### What you should do
Among the entries below, which lines include the string "lambda"? Show each one.
>>>>
lemma sum_card_symmetric_eq_twice_card_pairs:
  assumes fin: "finite F" and sym: "\<And>e f. R e f \<Longrightarrow> R f e" and irr: "\<And>e. \<not> R e e"
  shows "(\<Sum>e\<in>F. card {f\<in>F. R e f}) = 2 * card {{e, f} | e f. e \<in> F \<and> f \<in> F \<and> R e f}"
proof -
  let ?P = "{{e, f} | e f. e \<in> F \<and> f \<in> F \<and> R e f}"
  let ?Q = "Sigma F (\<lambda>e. {f\<in>F. R e f})"
  let ?A = "\<lambda>p. {q\<in>?Q. p = {fst q, snd q}}"
  have "(\<Sum>e\<in>F. card {f\<in>F. R e f}) = card ?Q" using fin by (simp add: card_SigmaI)
  also have "?Q = (\<Union>p\<in>?P. ?A p)" by (auto; blast)
  also have "card (\<Union>p\<in>?P. ?A p) = (\<Sum>p\<in>?P. card (?A p))"
  proof (rule card_UN_disjoint)
    have "?P \<subseteq> (\<lambda>(e,f). {e,f}) ` (F \<times> F)" by auto
    moreover have "finite ((\<lambda>(e,f). {e,f}) ` (F \<times> F))" using fin by simp
    ultimately show "finite ?P" by (rule finite_subset)
    have "\<And>p. ?A p \<subseteq> F \<times> F" by auto
    then show "\<forall>p\<in>?P. finite (?A p)" using fin by (meson finite_SigmaI finite_subset)
    show "\<forall>p\<in>?P. \<forall>p'\<in>?P. p \<noteq> p' \<longrightarrow> ?A p \<inter> ?A p' = {}" by blast
  qed
  also have "\<dots> = (\<Sum>p\<in>?P. 2)"
  proof (rule sum.cong[OF refl])
    fix p assume "p \<in> ?P"
    then obtain e f where ef: "p = {e,f}" "e \<in> F" "f \<in> F" "R e f" by blast
    have "e \<noteq> f" using ef irr by auto
    have "?A p = {(e,f),(f,e)}" using ef sym by (auto simp: doubleton_eq_iff)
    then show "card (?A p) = 2" using \<open>e \<noteq> f\<close> by simp
  qed
  finally show ?thesis by simp
qed

lemma crosses_sym: "crosses e f \<longleftrightarrow> crosses f e"
  unfolding crosses_def by blast

lemma crosses_irrefl: "\<not> crosses e e"
  unfolding crosses_def by (auto simp: doubleton_eq_iff)

lemma crosses_iff:
  assumes "i < j"
  shows "crosses {i,j} {a,b} \<longleftrightarrow> (i<a \<and> a<j \<and> (b<i \<or> j<b)) \<or> (i<b \<and> b<j \<and> (a<i \<or> j<a))"
proof
  assume "crosses {i,j} {a,b}"
  then obtain i' j' k l where h: "{i,j} = {i',j'}" "{a,b} = {k,l}" "i'<j'" "k<l"
    "(i' < k \<and> k < j' \<and> j' < l) \<or> (k < i' \<and> i' < l \<and> l < j')"
    unfolding crosses_def by blast
  have "i' = i \<and> j' = j" using h(1,3) assms by (auto simp: doubleton_eq_iff)
  then show "(i<a \<and> a<j \<and> (b<i \<or> j<b)) \<or> (i<b \<and> b<j \<and> (a<i \<or> j<a))"
    using h(2,4,5) by (auto simp: doubleton_eq_iff)
next
  assume h: "(i<a \<and> a<j \<and> (b<i \<or> j<b)) \<or> (i<b \<and> b<j \<and> (a<i \<or> j<a))"
  then consider "a < b" | "b < a" by linarith
  then show "crosses {i,j} {a,b}"
  proof cases
    case 1
    then show ?thesis using h assms unfolding crosses_def
      by (intro exI[of _ i] exI[of _ j] exI[of _ a] exI[of _ b]) auto
  next
    case 2
    then show ?thesis using h assms unfolding crosses_def
      by (intro exI[of _ i] exI[of _ j] exI[of _ b] exI[of _ a]) (auto simp: insert_commute)
  qed
qed

lemma twice_crossings_eq_sum:
  "finite F \<Longrightarrow> 2 * crossings F = (\<Sum>e\<in>F. card {f\<in>F. crosses e f})"
  unfolding crossings_def
  using sum_card_symmetric_eq_twice_card_pairs[of F crosses] crosses_sym crosses_irrefl by metis

lemma two_factor_edgeE:
  assumes "two_factor N F" "f \<in> F"
  obtains a b where "f = {a,b}" "a \<in> {1..N}" "b \<in> {1..N}" "a < b"
proof -
  obtain i j where ij: "f = {i,j}" "i \<in> {1..N}" "j \<in> {1..N}" "i \<noteq> j"
    using assms unfolding two_factor_def by blast
  show ?thesis
  proof (cases "i < j")
    case True then show ?thesis using ij that by blast
  next
    case False
    then show ?thesis using ij that[of j i] by (simp add: insert_commute)
  qed
qed

lemma two_factor_edge_subset: "two_factor N F \<Longrightarrow> f \<in> F \<Longrightarrow> card f = 2 \<and> f \<subseteq> {1..N}"
  by (erule two_factor_edgeE) auto

lemma two_factor_finite: "two_factor N F \<Longrightarrow> finite F"
  using two_factor_edge_subset by (meson PowI finite_Pow_iff finite_atLeastAtMost finite_subset subsetI)

lemma two_factor_degree: "two_factor N F \<Longrightarrow> v \<in> {1..N} \<Longrightarrow> card {f\<in>F. v \<in> f} = 2"
  unfolding two_factor_def by blast

lemma two_factor_card: "two_factor N F \<Longrightarrow> card F = N"
proof -
  assume tf: "two_factor N F"
  have "2 * N = (\<Sum>v\<in>{1..N}. card {f\<in>F. v \<in> f})" using two_factor_degree[OF tf] by simp
  also have "\<dots> = (\<Sum>f\<in>F. card (f \<inter> {1..N}))"
    using sum_card_incident two_factor_finite[OF tf] by blast
  also have "\<dots> = (\<Sum>f\<in>F. 2)"
    using two_factor_edge_subset[OF tf] by (intro sum.cong) (auto simp: Int_absorb2)
  finally show ?thesis by simp
qed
<<<<
### Task result
  let ?Q = "Sigma F (\<lambda>e. {f\<in>F. R e f})"
  let ?A = "\<lambda>p. {q\<in>?Q. p = {fst q, snd q}}"
    have "?P \<subseteq> (\<lambda>(e,f). {e,f}) ` (F \<times> F)" by auto
    moreover have "finite ((\<lambda>(e,f). {e,f}) ` (F \<times> F))" using fin by simp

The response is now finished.